I just mean when I pay $6 for a piece of cake, I’d damn well better be getting a decent sized piece, and not the toothpick-sized sliver they like to dish out. Now, if I were only paying a coupla bucks, I wouldn’t complain. But for six bucks, I should be able to share that with at least one other person, if not two.

I’m sure that $9 wedge of six layer cake is probably worth every penny, but I’d have to bring my family to help me eat the thing. :eek:

Featherlou, pretty similar situation here. Not only that, it seems like all the restaurants have the same desserts. I suspect they all order them from the same place.

Chocolate Eruption cheesecake. Every damn restaurant. Of course, the first time I had it, it was good. Never again. Too long in the fridge, too old… something.

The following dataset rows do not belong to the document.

lemma pmf_common_shock_poisson:
  assumes "0 < a" "0 < b1" "0 < b2" "0 < c"
  shows "pmf (map_pmf (\<lambda>(x, y1, y2, z). (x + y1, z, x + y2))
           (pair_pmf (poisson_pmf a) (pair_pmf (poisson_pmf b1) (pair_pmf (poisson_pmf b2) (poisson_pmf c)))))
           (r, l, u)
         = poisson_int c (int l) * bivariate_poisson a b1 b2 (int r) (int u)"
proof -
  have fibre: "(\<lambda>(x, y1, y2, z). (x + y1, z, x + y2)) -` {(r, l, u)}
               = (\<lambda>x. (x, r - x, u - x, l)) ` {0..min r u}"
    by (auto simp: image_iff)
  have "inj_on (\<lambda>x. (x, r - x, u - x, l)) {0..min r u}"
    by (auto simp: inj_on_def)
  then have "pmf (map_pmf (\<lambda>(x, y1, y2, z). (x + y1, z, x + y2))
           (pair_pmf (poisson_pmf a) (pair_pmf (poisson_pmf b1) (pair_pmf (poisson_pmf b2) (poisson_pmf c)))))
           (r, l, u)
      = (\<Sum>x\<in>{0..min r u}. pmf (poisson_pmf a) x * (pmf (poisson_pmf b1) (r - x)
                              * (pmf (poisson_pmf b2) (u - x) * pmf (poisson_pmf c) l)))"
    unfolding pmf_map fibre by (simp add: measure_measure_pmf_finite sum.reindex pmf_pair)
  also have "\<dots> = (\<Sum>x\<in>{0..min r u}. poisson_int c (int l) * (poisson_int a (int x)
                     * poisson_int b1 (int r - int x) * poisson_int b2 (int u - int x)))"
  proof (rule sum.cong[OF refl])
    fix x assume "x \<in> {0..min r u}"
    then have "int r - int x = int (r - x)" "int u - int x = int (u - x)"
      by auto
    then show "pmf (poisson_pmf a) x * (pmf (poisson_pmf b1) (r - x)
                 * (pmf (poisson_pmf b2) (u - x) * pmf (poisson_pmf c) l))
        = poisson_int c (int l) * (poisson_int a (int x)
                 * poisson_int b1 (int r - int x) * poisson_int b2 (int u - int x))"
      by (simp only: pmf_poisson_eq_poisson_int assms mult_ac)
  qed
  also have "\<dots> = (\<Sum>x\<in>int ` {0..min r u}. poisson_int c (int l)
                     * (poisson_int a x * poisson_int b1 (int r - x) * poisson_int b2 (int u - x)))"
    by (simp add: sum.reindex)
  also have "\<dots> = poisson_int c (int l) * bivariate_poisson a b1 b2 (int r) (int u)"
    by (simp add: bivariate_poisson_def image_int_atLeastAtMost sum_distrib_left)
  finally show ?thesis .
qed

lemma has_sum_if_eq: "c \<in> A \<Longrightarrow> ((\<lambda>x. if x = c then v else 0) has_sum v) A"
  by (rule has_sum_finite_neutralI[of "{c}"]) auto

lemma has_sum_if_conj_eq:
  "(Q \<Longrightarrow> c \<in> A) \<Longrightarrow> ((\<lambda>x. if Q \<and> x = c then v else 0) has_sum (if Q then v else 0)) A"
  by (rule has_sum_finite_neutralI[of "if Q then {c} else {}"]) auto

lemma infsum_rate3_from:
  "(\<Sum>\<^sub>\<infinity>z\<in>-{(r, l, u)}. rate3 lam muR muL muU (r, l, u) z)
     = muL * real l + muR * real r + muU * real u + lam"
proof -
  have "((\<lambda>z. rate3 lam muR muL muU (r, l, u) z) has_sum
          ((if 1 \<le> l then muL * real l else 0) + (if 1 \<le> r then muR * real r else 0)
           + (if 1 \<le> u then muU * real u else 0) + lam)) (-{(r, l, u)})"
    unfolding rate3_def prod.case by (intro has_sum_add has_sum_if_conj_eq has_sum_if_eq) auto
  then show ?thesis
    by (simp add: infsumI not_less_eq_eq)
qed

lemma mult_rate3_into:
  "f x * rate3 lam muR muL muU x (r, l, u) =
       (if (1 \<le> r \<and> 1 \<le> u) \<and> x = (r - 1, l + 1, u - 1)
        then f (r - 1, l + 1, u - 1) * (muL * (real l + 1)) else 0)
     + (if x = (r + 1, l, u) then f (r + 1, l, u) * (muR * (real r + 1)) else 0)
     + (if x = (r, l, u + 1) then f (r, l, u + 1) * (muU * (real u + 1)) else 0)
     + (if 1 \<le> l \<and> x = (r, l - 1, u) then f (r, l - 1, u) * lam else 0)"
  by (cases x) (auto simp: rate3_def ring_distribs)

lemma infsum_rate3_into:
  "(\<Sum>\<^sub>\<infinity>x\<in>-{(r, l, u)}. f x * rate3 lam muR muL muU x (r, l, u)) =
       (if 1 \<le> r \<and> 1 \<le> u then f (r - 1, l + 1, u - 1) * (muL * (real l + 1)) else 0)
     + f (r + 1, l, u) * (muR * (real r + 1)) + f (r, l, u + 1) * (muU * (real u + 1))
     + (if 1 \<le> l then f (r, l - 1, u) * lam else 0)"
proof -
  have "((\<lambda>x. f x * rate3 lam muR muL muU x (r, l, u)) has_sum
       ((if 1 \<le> r \<and> 1 \<le> u then f (r - 1, l + 1, u - 1) * (muL * (real l + 1)) else 0)
     + f (r + 1, l, u) * (muR * (real r + 1)) + f (r, l, u + 1) * (muU * (real u + 1))
     + (if 1 \<le> l then f (r, l - 1, u) * lam else 0))) (-{(r, l, u)})"
    unfolding mult_rate3_into by (intro has_sum_add has_sum_if_conj_eq has_sum_if_eq) auto
  then show ?thesis
    by (rule infsumI)
qed

(* Extending p by zero to integer states removes the boundary cases from the balance equations. *)
lemma invariant_pmf_rate3I:
  fixes F :: "int \<Rightarrow> int \<Rightarrow> int \<Rightarrow> real"
  assumes pmf_eq: "\<And>r l u. pmf p (r, l, u) = F (int r) (int l) (int u)"
    and F_neg: "\<And>r l u. r < 0 \<or> l < 0 \<or> u < 0 \<Longrightarrow> F r l u = 0"
    and balance: "\<And>r l u. 0 \<le> r \<Longrightarrow> 0 \<le> l \<Longrightarrow> 0 \<le> u \<Longrightarrow>
        muL * (of_int l + 1) * F (r - 1) (l + 1) (u - 1) + muR * (of_int r + 1) * F (r + 1) l u
        + muU * (of_int u + 1) * F r l (u + 1) + lam * F r (l - 1) u
      = (muL * of_int l + muR * of_int r + muU * of_int u + lam) * F r l u"
  shows "invariant_pmf (rate3 lam muR muL muU) p"
  unfolding invariant_pmf_def
proof
  fix y :: state
  obtain r l u where y: "y = (r, l, u)"
    by (cases y) auto
  have in_L: "(if 1 \<le> r \<and> 1 \<le> u then pmf p (r - 1, l + 1, u - 1) * (muL * (real l + 1)) else 0)
      = muL * (of_int (int l) + 1) * F (int r - 1) (int l + 1) (int u - 1)"
    by (cases "1 \<le> r \<and> 1 \<le> u") (auto simp: pmf_eq of_nat_diff F_neg add.commute)
  have in_lam: "(if 1 \<le> l then pmf p (r, l - 1, u) * lam else 0)
      = lam * F (int r) (int l - 1) (int u)"
    by (cases "1 \<le> l") (auto simp: pmf_eq of_nat_diff F_neg)
  show "(\<Sum>\<^sub>\<infinity>x\<in>-{y}. pmf p x * rate3 lam muR muL muU x y)
      = pmf p y * (\<Sum>\<^sub>\<infinity>z\<in>-{y}. rate3 lam muR muL muU y z)"
    using balance[of "int r" "int l" "int u"]
    unfolding y infsum_rate3_into infsum_rate3_from in_L in_lam
    by (simp add: pmf_eq add_ac mult_ac)
qed

theorem mainTheorem4:
  fixes lam muR muL muU :: real
  assumes "lam > 0" "muR > 0" "muL > 0" "muU > 0"
  shows "invariant_pmf (rate3 lam muR muL muU)
     (map_pmf (\<lambda>(x, y1, y2, z). (x + y1, z, x + y2))
        (pair_pmf (poisson_pmf (lam / (muR + muU)))
          (pair_pmf (poisson_pmf (lam * muU / (muR * (muR + muU))))
            (pair_pmf (poisson_pmf (lam * muR / (muU * (muR + muU))))
              (poisson_pmf (lam / muL))))))"
proof -
  define a where "a = lam / (muR + muU)"
  define b1 where "b1 = lam * muU / (muR * (muR + muU))"
  define b2 where "b2 = lam * muR / (muU * (muR + muU))"
  define c where "c = lam / muL"
  have pos: "0 < a" "0 < b1" "0 < b2" "0 < c"
    using assms by (simp_all add: a_def b1_def b2_def c_def)
  have rel: "lam = (muR + muU) * a" "muR * a = muU * b2" "muU * a = muR * b1" "lam = muL * c"
    using assms by (simp_all add: a_def b1_def b2_def c_def divide_simps)
  show ?thesis
    unfolding a_def[symmetric] b1_def[symmetric] b2_def[symmetric] c_def[symmetric]
  proof (rule invariant_pmf_rate3I[where F = "\<lambda>r l u. poisson_int c l * bivariate_poisson a b1 b2 r u"],
         goal_cases)
    case (1 r l u)
    show ?case by (rule pmf_common_shock_poisson[OF pos])
  next
    case (2 r l u)
    then show ?case by (auto simp: poisson_int_neg bivariate_poisson_neg)
  next
    case (3 r l u)
    show ?case
      using bivariate_poisson_balance[OF rel(1-3), of r u] poisson_int_shift[of "l + 1" c]
        poisson_int_shift[of l c] rel(4)
      by simp algebra
  qed
qed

I had a friend who owned a pretty bad Mexican restaurant - she had a cheap-and-nasty method that people seemed to like, so she stuck to it. She said that desserts were where she made the greatest margin. She’d buy a catering company frozen cheesecake for £3, cut it into 12 bits, spray on some whipped cream and flog them for £3 each.

She retired aged 32!

Exactly. Except the cakes aren’t frozen, they’re just refrigerated. For days, I’m sure.

Cyros, I think that’s what I’m talking about - they just don’t taste right. Maybe other people just don’t notice - my own husband doesn’t seem to notice when things are badly fridge-y tasting. I guess I really am complaining about nothing here - the easy, obvious solution is to not buy over-priced, stale desserts. :smiley:

I’ve noticed a decline, mainly because of places like Cheesecake factory. Don’t get me wrong, I love their stuff. But it’s usually fresh. Other restaraunts, which used to have a pastry chef on staff, now buy in bulk from Cheesecake factory and other places and the quality isn’t nearly as good.

In my experience, most desserts are just not that good. Either the ice cream is a tiny scoop, rock hard (how long has it been in that freezer is always my first thought) or the cakes are indeed stale or just not fresh tasting.
I’ve sort of given up on desserts when eating out–I don’t really need or want it. I must confess to a hankering for “childish” desserts–I want brownies, ala mode with nuts (no whip cream or cherry, though). I am not interested in your nouvelle cuisine chocolate beef torte with a soupcon of cherry flambe or whatever. I’ll pass, thanks. :slight_smile:

Also, most cakes don’t taste all that great unless their freshly made–even at home, no? Now, cheesecake–I can do that!